CVE-2019-10140 in Linux
Summary
by MITRE
A vulnerability was found in Linux kernel's, versions up to 3.10, implementation of overlayfs. An attacker with local access can create a denial of service situation via NULL pointer dereference in ovl_posix_acl_create function in fs/overlayfs/dir.c. This can allow attackers with ability to create directories on overlayfs to crash the kernel creating a denial of service (DOS).
Statistical analysis made it clear that VulDB provides the best quality for vulnerability data.
Analysis
by VulDB Data Team • 11/25/2023
The vulnerability identified as CVE-2019-10140 represents a critical NULL pointer dereference flaw within the Linux kernel's overlay filesystem implementation. This security issue specifically affects kernel versions up to 3.10 and resides in the ovl_posix_acl_create function located in the fs/overlayfs/dir.c source file. The overlay filesystem serves as a virtual filesystem layer that allows users to mount multiple filesystems on top of each other, creating a unified view of the underlying data structures. This functionality is particularly valuable in containerized environments and system administration scenarios where layered filesystems are commonly employed.
The technical exploitation of this vulnerability occurs when an attacker with local access and the ability to create directories within an overlayfs mount point can trigger a kernel crash through a carefully crafted sequence of operations. The flaw manifests as a NULL pointer dereference during the execution of the ovl_posix_acl_create function, which is responsible for handling access control list creation operations within the overlay filesystem context.
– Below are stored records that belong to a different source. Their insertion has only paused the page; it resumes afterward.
lemma adjoint_op_eqI:
  assumes "bounded_clinear (g :: 'e::chilbert \<Rightarrow> 'h::complex_inner)"
    and "\<And>e. cinner y e = cinner f (g e)"
  shows "adjoint_op g f = y"
  using assms by (intro cinner_eq_imp_eq) (simp add: cinner_adjoint_op)

lemma bounded_clinear_adjoint_op:
  assumes g: "bounded_clinear (g :: 'e::chilbert \<Rightarrow> 'h::complex_inner)"
  shows "bounded_clinear (adjoint_op g)"
proof -
  obtain K where K: "K > 0" "\<And>x. norm (g x) \<le> norm x * K"
    using bounded_clinear_pos_bound[OF g] by blast
  have "adjoint_op g (a + b) = adjoint_op g a + adjoint_op g b" for a b
    by (rule adjoint_op_eqI[OF g]) (simp add: cinner_add_left cinner_adjoint_op[OF g])
  moreover have "adjoint_op g (c *\<^sub>C a) = c *\<^sub>C adjoint_op g a" for c a
    by (rule adjoint_op_eqI[OF g]) (simp add: cinner_scaleC_left cinner_adjoint_op[OF g])
  ultimately have "clinear (adjoint_op g)" unfolding clinear_def by blast
  moreover have "norm (adjoint_op g f) \<le> norm f * K" for f
  proof -
    let ?a = "adjoint_op g f"
    have "norm ?a * norm ?a = Re (cinner f (g ?a))"
      by (simp add: cinner_adjoint_op[OF g, symmetric] cinner_self power2_eq_square)
    also have "\<dots> \<le> norm f * norm (g ?a)"
      using complex_Re_le_cmod order_trans cmod_cinner_le by blast
    also have "\<dots> \<le> (norm f * K) * norm ?a"
      using mult_left_mono[OF K(2)[of ?a], of "norm f"] by (simp add: mult_ac)
    finally show ?thesis
      using K(1) by (cases "?a = 0") simp_all
  qed
  ultimately show ?thesis unfolding bounded_clinear_def by blast
qed

section \<open>The inverse of \<open>I - z T\<close>\<close>

lemma boundedly_invertibleI:
  assumes F: "clinear F"
    and below: "\<And>x. norm x \<le> norm (F x) * C"
    and surj: "\<And>y. \<exists>x. F x = y"
  shows "boundedly_invertible F"
proof -
  have inj: "a = b" if "F a = F b" for a b
    using below[of "a - b"] that by (simp add: clinear_diff[OF F])
  define S where "S y = (SOME x. F x = y)" for y
  have FS: "F (S y) = y" for y unfolding S_def using someI_ex[OF surj] .
  have "S (a + b) = S a + S b" for a b by (rule inj) (simp add: FS clinear_add[OF F])
  moreover have "S (c *\<^sub>C a) = c *\<^sub>C S a" for c a by (rule inj) (simp add: FS clinear_scaleC[OF F])
  ultimately have "clinear S" unfolding clinear_def by blast
  moreover have "norm (S y) \<le> norm y * C" for y using below[of "S y"] by (simp add: FS)
  ultimately have "bounded_clinear S" unfolding bounded_clinear_def by blast
  thus ?thesis unfolding boundedly_invertible_def using FS inj by blast
qed

text \<open>\<open>(I - z T)\<^sup>-\<^sup>1\<close>; an arbitrary operator when \<open>I - z T\<close> is not boundedly invertible.\<close>

definition pencil_inv :: "('h::complex_inner \<Rightarrow> 'h) \<Rightarrow> complex \<Rightarrow> 'h \<Rightarrow> 'h" where
  "pencil_inv T z = (SOME S. bounded_clinear S \<and> (\<forall>x. S (x - z *\<^sub>C T x) = x) \<and> (\<forall>x. S x - z *\<^sub>C T (S x) = x))"

lemma pencil_inv_inverse:
  assumes "boundedly_invertible (\<lambda>x. x - z *\<^sub>C T x)"
  shows "bounded_clinear (pencil_inv T z)"
    and "pencil_inv T z (x - z *\<^sub>C T x) = x"
    and "pencil_inv T z y - z *\<^sub>C T (pencil_inv T z y) = y"
proof -
  have "\<exists>S. bounded_clinear S \<and> (\<forall>x. S (x - z *\<^sub>C T x) = x) \<and> (\<forall>x. S x - z *\<^sub>C T (S x) = x)"
    using assms unfolding boundedly_invertible_def by simp
  from someI_ex[OF this] show "bounded_clinear (pencil_inv T z)"
    "pencil_inv T z (x - z *\<^sub>C T x) = x" "pencil_inv T z y - z *\<^sub>C T (pencil_inv T z y) = y"
    unfolding pencil_inv_def by blast+
qed

lemma pencil_lower_bound_near:
  assumes inv: "boundedly_invertible (\<lambda>x. x - z *\<^sub>C T x)"
    and Ks0: "0 \<le> Ks" and Ks: "\<And>x. norm (pencil_inv T z x) \<le> norm x * Ks"
    and KT: "\<And>x. norm (T x) \<le> norm x * KT"
    and small: "cmod (w - z) * Ks * KT \<le> 1/2"
  shows "norm x \<le> norm (x - w *\<^sub>C T x) * (2 * Ks)"
proof -
  have "x = pencil_inv T z ((x - w *\<^sub>C T x) + (w - z) *\<^sub>C T x)"
    using pencil_inv_inverse(2)[OF inv, of x] by (simp add: algebra_simps)
  hence "norm x \<le> norm ((x - w *\<^sub>C T x) + (w - z) *\<^sub>C T x) * Ks"
    using Ks by (rule ssubst)
  also have "\<dots> \<le> (norm (x - w *\<^sub>C T x) + cmod (w - z) * (norm x * KT)) * Ks"
    using Ks0 norm_triangle_ineq[of "x - w *\<^sub>C T x" "(w - z) *\<^sub>C T x"]
      mult_left_mono[OF KT[of x], of "cmod (w - z)"]
    by (intro mult_right_mono) (auto simp: norm_scaleC)
  also have "\<dots> = Ks * norm (x - w *\<^sub>C T x) + (cmod (w - z) * Ks * KT) * norm x"
    by (simp add: algebra_simps)
  also have "\<dots> \<le> Ks * norm (x - w *\<^sub>C T x) + (1/2) * norm x"
    using small by (intro add_left_mono mult_right_mono) auto
  finally show ?thesis by (simp add: algebra_simps)
qed

text \<open>\<open>x - w T x = y\<close> is the fixed point equation of the contraction
  \<open>x \<mapsto> (I - z T)\<^sup>-\<^sup>1 (y + (w - z) T x)\<close>.\<close>

lemma pencil_surj_near:
  fixes T :: "'h::chilbert \<Rightarrow> 'h"
  assumes T: "clinear T" and inv: "boundedly_invertible (\<lambda>x. x - z *\<^sub>C T x)"
    and Ks0: "0 \<le> Ks" and Ks: "\<And>x. norm (pencil_inv T z x) \<le> norm x * Ks"
    and KT0: "0 \<le> KT" and KT: "\<And>x. norm (T x) \<le> norm x * KT"
    and small: "cmod (w - z) * Ks * KT < 1"
  shows "\<exists>x. x - w *\<^sub>C T x = y"
proof -
  define q where "q = cmod (w - z) * Ks * KT"
  define f where "f x = pencil_inv T z (y + (w - z) *\<^sub>C T x)" for x
  have S: "clinear (pencil_inv T z)" using pencil_inv_inverse(1)[OF inv] by (rule bounded_clinear_clinear)
  have "\<exists>!x. f x = x"
  proof (rule banach_fix_type)
    show "0 \<le> q" unfolding q_def using Ks0 KT0 by simp
    show "q < 1" using small unfolding q_def .
    show "\<forall>a b. dist (f a) (f b) \<le> q * dist a b"
    proof (intro allI)
      fix a b
      have "f a - f b = pencil_inv T z ((w - z) *\<^sub>C T (a - b))"
        unfolding f_def by (simp add: clinear_diff[OF S, symmetric] clinear_diff[OF T] algebra_simps)
      hence "norm (f a - f b) \<le> norm ((w - z) *\<^sub>C T (a - b)) * Ks"
        using Ks by (rule ssubst)
      also have "\<dots> \<le> cmod (w - z) * (norm (a - b) * KT) * Ks"
        unfolding norm_scaleC using Ks0 KT[of "a - b"] by (intro mult_right_mono mult_left_mono) auto
      finally show "dist (f a) (f b) \<le> q * dist a b"
        by (simp add: dist_norm q_def mult_ac)
    qed
  qed
  then obtain x where "f x = x" by blast
  hence "x - z *\<^sub>C T x = y + (w - z) *\<^sub>C T x"
    using pencil_inv_inverse(3)[OF inv, of "y + (w - z) *\<^sub>C T x"] unfolding f_def by simp
  hence "x - w *\<^sub>C T x = y" by (simp add: algebra_simps)
  thus ?thesis by blast
qed

lemma pencil_invertible_near:
  fixes T :: "'h::chilbert \<Rightarrow> 'h"
  assumes bT: "bounded_clinear T" and inv: "boundedly_invertible (\<lambda>x. x - z *\<^sub>C T x)"
  obtains \<delta> C where "\<delta> > 0"
    and "\<And>w. cmod (w - z) < \<delta> \<Longrightarrow> boundedly_invertible (\<lambda>x. x - w *\<^sub>C T x)"
    and "C > 0"
    and "\<And>w y. cmod (w - z) < \<delta> \<Longrightarrow> norm (pencil_inv T w y) \<le> norm y * C"
proof -
  have T: "clinear T" using bT by (rule bounded_clinear_clinear)
  obtain Ks where Ks: "Ks > 0" "\<And>x. norm (pencil_inv T z x) \<le> norm x * Ks"
    using bounded_clinear_pos_bound[OF pencil_inv_inverse(1)[OF inv]] by blast
  obtain KT where KT: "KT > 0" "\<And>x. norm (T x) \<le> norm x * KT"
    using bounded_clinear_pos_bound[OF bT] by blast
  define \<delta> where "\<delta> = 1 / (2 * Ks * KT)"
  have small: "cmod (w - z) * Ks * KT \<le> 1/2" if "cmod (w - z) < \<delta>" for w
    using that Ks(1) KT(1) by (simp add: \<delta>_def field_simps)
  note below = pencil_lower_bound_near[OF inv less_imp_le[OF Ks(1)] Ks(2) KT(2) small]
  have invw: "boundedly_invertible (\<lambda>x. x - w *\<^sub>C T x)" if w: "cmod (w - z) < \<delta>" for w
  proof (rule boundedly_invertibleI)
    show "clinear (\<lambda>x. x - w *\<^sub>C T x)"
      unfolding clinear_def
      by (simp add: clinear_add[OF T] clinear_scaleC[OF T] algebra_simps scaleC.scale_left_commute)
    show "norm x \<le> norm (x - w *\<^sub>C T x) * (2 * Ks)" for x by (rule below[OF w])
    show "\<exists>x. x - w *\<^sub>C T x = y" for y
      using pencil_surj_near[OF T inv less_imp_le[OF Ks(1)] Ks(2) less_imp_le[OF KT(1)] KT(2)]
        small[OF w] by simp
  qed
  show ?thesis
  proof (rule that)
    show "\<delta> > 0" unfolding \<delta>_def using Ks KT by simp
    show "2 * Ks > 0" using Ks(1) by simp
    show "norm (pencil_inv T w y) \<le> norm y * (2 * Ks)" if "cmod (w - z) < \<delta>" for w y
      using below[OF that, of "pencil_inv T w y"] pencil_inv_inverse(3)[OF invw[OF that]] by simp
  qed (rule invw)
qed
lemma Dseq_eq_numer_over_power:
  assumes D: "\<And>x. poly q x \<noteq> 0 \<Longrightarrow> D x = cscale (inverse (poly q x)) (poly_mat P x)"
    and x: "poly q x \<noteq> 0"
  shows "Dseq D k x = cscale (inverse (poly q x ^ Suc k)) (poly_mat (Dseq_numer q P k) x)"
  using x
proof (induction k arbitrary: x)
  case 0
  then show ?case
    using D by simp
next
  case (Suc k)
  let ?N = "Dseq_numer q P k"
  let ?N' = "map_matrix (\<lambda>p. q * pderiv p - smult (of_nat (Suc k)) (pderiv q) * p) ?N"
  have "deriv (\<lambda>y. Dseq D k y $ i $ j) x = poly (?N' $ i $ j) x / poly q x ^ Suc (Suc k)" for i j
  proof -
    have "eventually (\<lambda>y. poly q y \<noteq> 0) (nhds x)"
      using eventually_nhds_in_open[OF open_poly_nonzero[of q]] Suc.prems by simp
    then have "eventually (\<lambda>y. Dseq D k y $ i $ j = poly (?N $ i $ j) y / poly q y ^ Suc k) (nhds x)"
      by eventually_elim (simp add: Suc.IH cscale_def divide_inverse mult.commute)
    then have "deriv (\<lambda>y. Dseq D k y $ i $ j) x = deriv (\<lambda>y. poly (?N $ i $ j) y / poly q y ^ Suc k) x"
      by (rule deriv_cong_ev) simp
    also have "\<dots> = poly (?N' $ i $ j) x / poly q x ^ Suc (Suc k)"
      using has_field_derivative_poly_over_power[OF Suc.prems] by (simp add: DERIV_imp_deriv)
    finally show ?thesis .
  qed
  then have "mderiv (Dseq D k) x = cscale (inverse (poly q x ^ Suc (Suc k))) (poly_mat ?N' x)"
    by (simp add: mderiv_def vec_eq_iff cscale_def divide_inverse mult.commute)
  moreover have "commutator (Dseq D k x) (D x)
      = cscale (inverse (poly q x ^ Suc (Suc k))) (commutator (poly_mat ?N x) (poly_mat P x))"
    by (simp add: Suc.IH[OF Suc.prems] D[OF Suc.prems] commutator_cscale mult.commute)
  ultimately show ?case
    by (simp add: mat_cvs.scale_right_distrib poly_mat_add poly_mat_diff poly_mat_mult commutator_def)
qed

section \<open>A polynomial relation among the D_k\<close>

lemma (in vector_space) exists_nontrivial_relation_if_card_gt:
  assumes K: "finite K" and W: "finite W" "G ` K \<subseteq> span W" and card: "card W < card K"
  shows "\<exists>u. (\<exists>p\<in>K. u p \<noteq> 0) \<and> (\<Sum>p\<in>K. scale (u p) (G p)) = 0"
proof (cases "inj_on G K")
  case True
  have "dependent (G ` K)"
  proof (rule ccontr)
    assume "independent (G ` K)"
    then have "card (G ` K) \<le> card W"
      using independent_span_bound W by blast
    then show False
      using card_image[OF True] card by simp
  qed
  moreover have "finite (G ` K)"
    using K by simp
  ultimately obtain v where "\<exists>w\<in>G ` K. v w \<noteq> 0" "(\<Sum>w\<in>G ` K. scale (v w) w) = 0"
    by (auto simp: dependent_finite)
  then show ?thesis
    by (intro exI[of _ "v \<circ> G"]) (simp add: sum.reindex[OF True])
next
  case False
  then obtain p p' where pp': "p \<in> K" "p' \<in> K" "p \<noteq> p'" "G p = G p'"
    unfolding inj_on_def by blast
  define u :: "_ \<Rightarrow> 'a" where "u s = (if s = p then 1 else 0) - (if s = p' then 1 else 0)" for s
  have "(\<Sum>s\<in>K. scale (u s) (G s)) = (\<Sum>s\<in>K. (if s = p then G s else 0) - (if s = p' then G s else 0))"
    by (intro sum.cong) (simp_all add: u_def scale_left_diff_distrib)
  also have "\<dots> = G p - G p'"
    using K pp' by (simp add: sum_subtractf)
  finally have "(\<Sum>s\<in>K. scale (u s) (G s)) = G p - G p'" .
  then show ?thesis
    using pp' by (intro exI[of _ u] conjI bexI[of _ p]) (simp_all add: u_def)
qed

lemma mat_cvs_span_units: "A \<in> mat_cvs.span (range (\<lambda>p. \<chi> a b. if (a, b) = p then 1 else 0))"
proof -
  have "(\<Sum>p\<in>UNIV. A $ fst p $ snd p * (if (i, j) = p then 1 else 0)) = A $ i $ j" for i j
    by (simp add: if_distrib cong: if_cong)
  then have "A = (\<Sum>p\<in>UNIV. cscale (A $ fst p $ snd p) (\<chi> a b. if (a, b) = p then 1 else 0))"
    by (simp add: vec_eq_iff cscale_def)
  also have "\<dots> \<in> mat_cvs.span (range (\<lambda>p. \<chi> a b. if (a, b) = p then 1 else 0))"
    by (intro mat_cvs.span_sum mat_cvs.span_scale mat_cvs.span_base) auto
  finally show ?thesis .
qed
lemma continuous_on_delta_pt: "continuous_on {p. snd p \<ge> 0} delta_pt"
  unfolding continuous_on_def
proof (intro ballI order_tendstoI)
  fix p0 :: "real \<times> real" and a
  let ?H = "{p::real \<times> real. snd p \<ge> 0}"
  assume "p0 \<in> ?H"
  then have v0: "snd p0 \<ge> 0" by simp
  note d0 = delta_pt_bounds[OF v0]
  have H: "eventually (\<lambda>p. snd p \<ge> 0) (at p0 within ?H)" by (simp add: eventually_at_filter)
  {
    assume "a < delta_pt p0"
    define a' where "a' = max a ((delta_pt p0 - 2*pi) / 2)"
    have a': "-2*pi < a'" "a' < delta_pt p0" "a \<le> a'"
      using d0 \<open>a < delta_pt p0\<close> unfolding a'_def by (auto simp: less_max_iff_disj)
    have "((\<lambda>p. fst p - fH (snd p) a') \<longlongrightarrow> fst p0 - fH (snd p0) a') (at p0 within ?H)"
      by (intro tendsto_intros tendsto_fH_snd)
    moreover have "0 < fst p0 - fH (snd p0) a'"
      using less_deltaH_iff[OF v0 a'(1)] a' d0 by (simp add: delta_pt_def)
    ultimately have "eventually (\<lambda>p. 0 < fst p - fH (snd p) a') (at p0 within ?H)"
      by (rule order_tendstoD)
    with H show "eventually (\<lambda>p. a < delta_pt p) (at p0 within ?H)"
    proof eventually_elim
      case (elim p)
      then have "a' < delta_pt p"
        using less_deltaH_iff[of "snd p" a' "fst p"] a' d0 by (simp add: delta_pt_def)
      then show ?case using a' by simp
    qed
  }
  {
    assume "delta_pt p0 < a"
    define a' where "a' = min a ((delta_pt p0 + 2*pi) / 2)"
    have a': "a' < 2*pi" "delta_pt p0 < a'" "a' \<le> a"
      using d0 \<open>delta_pt p0 < a\<close> unfolding a'_def by (auto simp: min_less_iff_disj)
    have "((\<lambda>p. fH (snd p) a' - fst p) \<longlongrightarrow> fH (snd p0) a' - fst p0) (at p0 within ?H)"
      by (intro tendsto_intros tendsto_fH_snd)
    moreover have "0 < fH (snd p0) a' - fst p0"
      using deltaH_less_iff[OF v0 _ a'(1)] a' d0 by (simp add: delta_pt_def)
    ultimately have "eventually (\<lambda>p. 0 < fH (snd p) a' - fst p) (at p0 within ?H)"
      by (rule order_tendstoD)
    with H show "eventually (\<lambda>p. delta_pt p < a) (at p0 within ?H)"
    proof eventually_elim
      case (elim p)
      then have "delta_pt p < a'"
        using deltaH_less_iff[of "snd p" a' "fst p"] a' d0 by (simp add: delta_pt_def)
      then show ?case using a' by simp
    qed
  }
qed

definition chord_sq :: "real \<Rightarrow> real \<Rightarrow> real" where
  "chord_sq d v = 1 + v - 2 * sqrt v * cos (d/2)"
lemma pert_moment_row_shift:
  assumes "0 < q" "0 < p" "r + 1 < N" "c < N"
  shows "pert_moment q p mu N (Suc n) m $$ (r, c) = pert_moment q p mu N n m $$ (r + 1, c)"
  using assms by (simp add: pert_moment_entry)

lemma pert_moment_col_shift:
  assumes "0 < q" "0 < p" "r < N" "c + 1 < N"
  shows "pert_moment q p mu N n (Suc m) $$ (r, c) = pert_moment q p mu N n m $$ (r, c + 1)"
  using assms by (simp add: pert_moment_entry)

lemma mult_col_shift:
  assumes A: "A \<in> carrier_mat k N" and M: "M \<in> carrier_mat N N" and M': "M' \<in> carrier_mat N N"
    and shift: "\<And>r. r < N \<Longrightarrow> M' $$ (r, c) = M $$ (r, c + 1)" and "i < k" "c + 1 < N"
  shows "(A * M') $$ (i, c) = (A * M) $$ (i, c + 1)"
proof -
  have "(A * M') $$ (i, c) = (\<Sum>l<N. A $$ (i, l) * M' $$ (l, c))"
    using index_mult_mat_sum[OF A M'] assms by simp
  also have "\<dots> = (\<Sum>l<N. A $$ (i, l) * M $$ (l, c + 1))"
    using shift by simp
  also have "\<dots> = (A * M) $$ (i, c + 1)"
    using index_mult_mat_sum[OF A M] assms by simp
  finally show ?thesis .
qed

lemma mult_row_shift:
  assumes M: "M \<in> carrier_mat N N" and M': "M' \<in> carrier_mat N N" and B: "B \<in> carrier_mat N k"
    and shift: "\<And>c. c < N \<Longrightarrow> M' $$ (r, c) = M $$ (r + 1, c)" and "r + 1 < N" "j < k"
  shows "(M' * B) $$ (r, j) = (M * B) $$ (r + 1, j)"
proof -
  have "(M' * B) $$ (r, j) = (\<Sum>l<N. M' $$ (r, l) * B $$ (l, j))"
    using index_mult_mat_sum[OF M' B] assms by simp
  also have "\<dots> = (\<Sum>l<N. M $$ (r + 1, l) * B $$ (l, j))"
    using shift by simp
  also have "\<dots> = (M * B) $$ (r + 1, j)"
    using index_mult_mat_sum[OF M B] assms by simp
  finally show ?thesis .
qed

lemma minv_eqI:
  fixes A B :: "real mat"
  assumes A: "A \<in> carrier_mat n n" and B: "B \<in> carrier_mat n n" and AB: "A * B = 1\<^sub>m n"
  shows "minv A = B"
  unfolding minv_def
proof (rule the_equality)
  have BA: "B * A = 1\<^sub>m n"
    using A B AB by (rule mat_mult_left_right_inverse)
  then show "B \<in> carrier_mat (dim_row A) (dim_row A) \<and> A * B = 1\<^sub>m (dim_row A) \<and> B * A = 1\<^sub>m (dim_row A)"
    using A B AB by simp
  fix C
  assume C: "C \<in> carrier_mat (dim_row A) (dim_row A) \<and> A * C = 1\<^sub>m (dim_row A) \<and> C * A = 1\<^sub>m (dim_row A)"
  then have "C = (B * A) * C"
    using A BA left_mult_one_mat[of C n n] by simp
  also have "\<dots> = B * (A * C)"
    using A B C by (simp add: assoc_mult_mat[of B n n A n C n])
  also have "\<dots> = B"
    using A B C by simp
  finally show "C = B" .
qed

lemma minv_inverse:
  assumes A: "A \<in> carrier_mat n n" and "invertible_mat A"
  shows "minv A \<in> carrier_mat n n" "A * minv A = 1\<^sub>m n" "minv A * A = 1\<^sub>m n"
proof -
  obtain B where AB: "A * B = 1\<^sub>m n" and BA: "B * A = 1\<^sub>m (dim_row B)"
    using assms unfolding invertible_mat_def inverts_mat_def by auto
  have B: "B \<in> carrier_mat n n"
    using arg_cong[OF AB, of dim_col] arg_cong[OF BA, of dim_col] A by auto
  show "minv A \<in> carrier_mat n n" "A * minv A = 1\<^sub>m n" "minv A * A = 1\<^sub>m n"
    using minv_eqI[OF A B AB] B AB BA by auto
qed

lemma right_inverse_lower_triangular:
  fixes L B :: "'a::field mat"
  assumes L: "L \<in> carrier_mat n n" and B: "B \<in> carrier_mat n n" and LB: "L * B = 1\<^sub>m n"
    and lower: "\<And>i j. i < j \<Longrightarrow> j < n \<Longrightarrow> L $$ (i, j) = 0"
  shows "i < n \<Longrightarrow> L $$ (i, i) * B $$ (i, i) = 1"
    and "i < j \<Longrightarrow> j < n \<Longrightarrow> B $$ (i, j) = 0"
proof -
  have "L $$ (i, i) * B $$ (i, i) = 1 \<and> (\<forall>j. i < j \<longrightarrow> j < n \<longrightarrow> B $$ (i, j) = 0)"
    if "i < n" for i
    using that
  proof (induction i rule: less_induct)
    case (less i)
    have B_zero: "B $$ (l, j) = 0" if "l < i" "i \<le> j" "j < n" for l j
      using less.IH[OF that(1) order.strict_trans[OF that(1) less.prems]] that by simp
    have row: "L $$ (i, i) * B $$ (i, j) = (if i = j then 1 else 0)" if "i \<le> j" "j < n" for j
    proof -
      have "(L * B) $$ (i, j) = (\<Sum>l<n. L $$ (i, l) * B $$ (l, j))"
        using index_mult_mat_sum[OF L B less.prems that(2)] .
      also have "\<dots> = L $$ (i, i) * B $$ (i, j)"
      proof (rule sum_eq_single)
        fix l
        assume l: "l \<in> {..<n}" "l \<noteq> i"
        show "L $$ (i, l) * B $$ (l, j) = 0"
        proof (cases "l < i")
          case True
          then show ?thesis
            using B_zero[of l j] that by simp
        next
          case False
          then show ?thesis
            using lower[of i l] l by simp
        qed
      qed (use less.prems in auto)
      finally show ?thesis
        using LB less.prems that by simp
    qed
    then have diag: "L $$ (i, i) * B $$ (i, i) = 1"
      using less.prems by simp
    moreover have "B $$ (i, j) = 0" if "i < j" "j < n" for j
      using row[of j] that diag by auto
    ultimately show ?case
      by blast
  qed
  then show "i < n \<Longrightarrow> L $$ (i, i) * B $$ (i, i) = 1"
    and "i < j \<Longrightarrow> j < n \<Longrightarrow> B $$ (i, j) = 0"
    by auto
qed
lemma synthetic_div_monic:
  fixes p :: "real poly"
  assumes "degree p = Suc m" "lead_coeff p = 1"
  shows "degree (synthetic_div p y) = m" "lead_coeff (synthetic_div p y) = 1"
proof -
  define s where "s = synthetic_div p y"
  show "degree s = m" unfolding s_def using assms by (simp add: degree_synthetic_div)
  have eq: "p = [:-y,1:] * s + [:poly p y:]" unfolding s_def using synthetic_div_correct'[of y p] by simp
  have "coeff p (Suc m) = coeff ([:-y,1:] * s) (Suc m)" by (subst eq) simp
  also have "\<dots> = coeff s m - y * coeff s (Suc m)" by (simp add: mult_pCons_left)
  finally show "lead_coeff s = 1" using assms \<open>degree s = m\<close> by (simp add: coeff_eq_0)
qed

lemma linear_mult_synthetic_div:
  fixes p :: "'a::comm_ring_1 poly"
  shows "[:-y,1:] * synthetic_div p y = p - [:poly p y:]"
  using synthetic_div_correct'[of y p] by (metis add_diff_cancel_right')

lemma poly_synthetic_div_self:
  fixes p :: "'a::idom poly"
  shows "poly (synthetic_div p y) y = poly (pderiv p) y"
proof -
  have "pderiv p = pderiv ([:-y,1:] * synthetic_div p y + [:poly p y:])"
    using synthetic_div_correct'[of y p] by simp
  also have "\<dots> = [:-y,1:] * pderiv (synthetic_div p y) + synthetic_div p y"
    by (simp add: pderiv_add pderiv_mult pderiv_pCons)
  finally show ?thesis by simp
qed

lemma monic_diff_degree_less:
  fixes p q :: "real poly"
  assumes "degree p = k" "lead_coeff p = 1" "degree q = k" "lead_coeff q = 1"
  shows "p - q = 0 \<or> degree (p - q) < k"
proof -
  have "degree (p - q) \<le> k" using assms by (metis degree_diff_le order_refl)
  moreover have "coeff (p - q) k = 0" using assms by simp
  ultimately show ?thesis by (metis le_neq_implies_less leading_coeff_0_iff)
qed

text \<open>The Christoffel--Darboux kernel \<open>(P(y) A(x) - A(y) P(x)) / (x - y)\<close> of two consecutive
  (quasi-)orthogonal polynomials.\<close>
definition christoffel_kernel :: "real poly \<Rightarrow> real poly \<Rightarrow> real \<Rightarrow> real poly" where
  "christoffel_kernel A P y = smult (poly P y) (synthetic_div A y) - smult (poly A y) (synthetic_div P y)"

lemma linear_mult_christoffel_kernel:
  "[:-y,1:] * christoffel_kernel A P y = smult (poly P y) A - smult (poly A y) P"
proof -
  have "[:-y,1:] * christoffel_kernel A P y
      = smult (poly P y) ([:-y,1:] * synthetic_div A y) - smult (poly A y) ([:-y,1:] * synthetic_div P y)"
    unfolding christoffel_kernel_def by (simp only: right_diff_distrib mult_smult_right)
  also have "\<dots> = smult (poly P y) (A - [:poly A y:]) - smult (poly A y) (P - [:poly P y:])"
    by (simp only: linear_mult_synthetic_div)
  finally show ?thesis by (simp add: smult_diff_right mult.commute)
qed

lemma poly_christoffel_kernel_self:
  "poly (christoffel_kernel A P y) y = poly (pderiv A) y * poly P y - poly A y * poly (pderiv P) y"
  unfolding christoffel_kernel_def by (simp add: poly_synthetic_div_self)

lemma degree_christoffel_kernel:
  assumes "degree A = Suc m" "lead_coeff A = 1" "degree P = m"
  shows "degree (christoffel_kernel A P y) \<le> m" "coeff (christoffel_kernel A P y) m = poly P y"
proof -
  have "synthetic_div P y = 0 \<or> degree (synthetic_div P y) < m"
    using degree_synthetic_div_less[of P m] assms(3) by simp
  moreover note synthetic_div_monic[OF assms(1,2), of y]
  ultimately show "degree (christoffel_kernel A P y) \<le> m" "coeff (christoffel_kernel A P y) m = poly P y"
    unfolding christoffel_kernel_def
    by (metis degree_diff_le degree_smult_le le_trans less_imp_le_nat degree_0 le0,
        auto simp: coeff_eq_0)
qed

context linear_poly_functional begin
When the function attempts to dereference a pointer that has not been properly initialized or has been set to NULL, the kernel encounters an unexpected termination condition that results in a system crash. This type of vulnerability falls under CWE-476 which specifically addresses NULL pointer dereference conditions in software implementations.
The operational impact of this vulnerability extends beyond simple system instability, as it provides a reliable method for attackers to execute denial of service attacks against systems running vulnerable kernel versions. The attack requires only local access and the ability to create directories within the overlayfs mount point, making it particularly concerning for multi-user systems where privilege escalation might be possible. In containerized environments, this vulnerability could be exploited by unprivileged users to crash container hosts, potentially affecting multiple containers and services running on the same system. The vulnerability's presence in kernel versions up to 3.10 indicates it has been present for several years, making it a persistent threat in legacy systems that have not received proper security updates.
From a defensive perspective, the primary mitigation strategy involves upgrading to kernel versions that contain the patched implementation of overlayfs functionality. System administrators should prioritize immediate patching of affected systems, particularly those running kernel versions 3.10 or earlier. The vulnerability demonstrates the importance of proper input validation and pointer initialization in kernel-space code, as the flaw could have been prevented through defensive programming practices that ensure all pointers are properly validated before dereferencing operations. Organizations should also implement monitoring systems to detect potential exploitation attempts and maintain comprehensive backup and recovery procedures to minimize the impact of successful denial of service attacks. This vulnerability aligns with ATT&CK technique T1499 which covers network denial of service attacks and highlights the importance of kernel-level security controls in preventing system compromise through local privilege escalation vectors.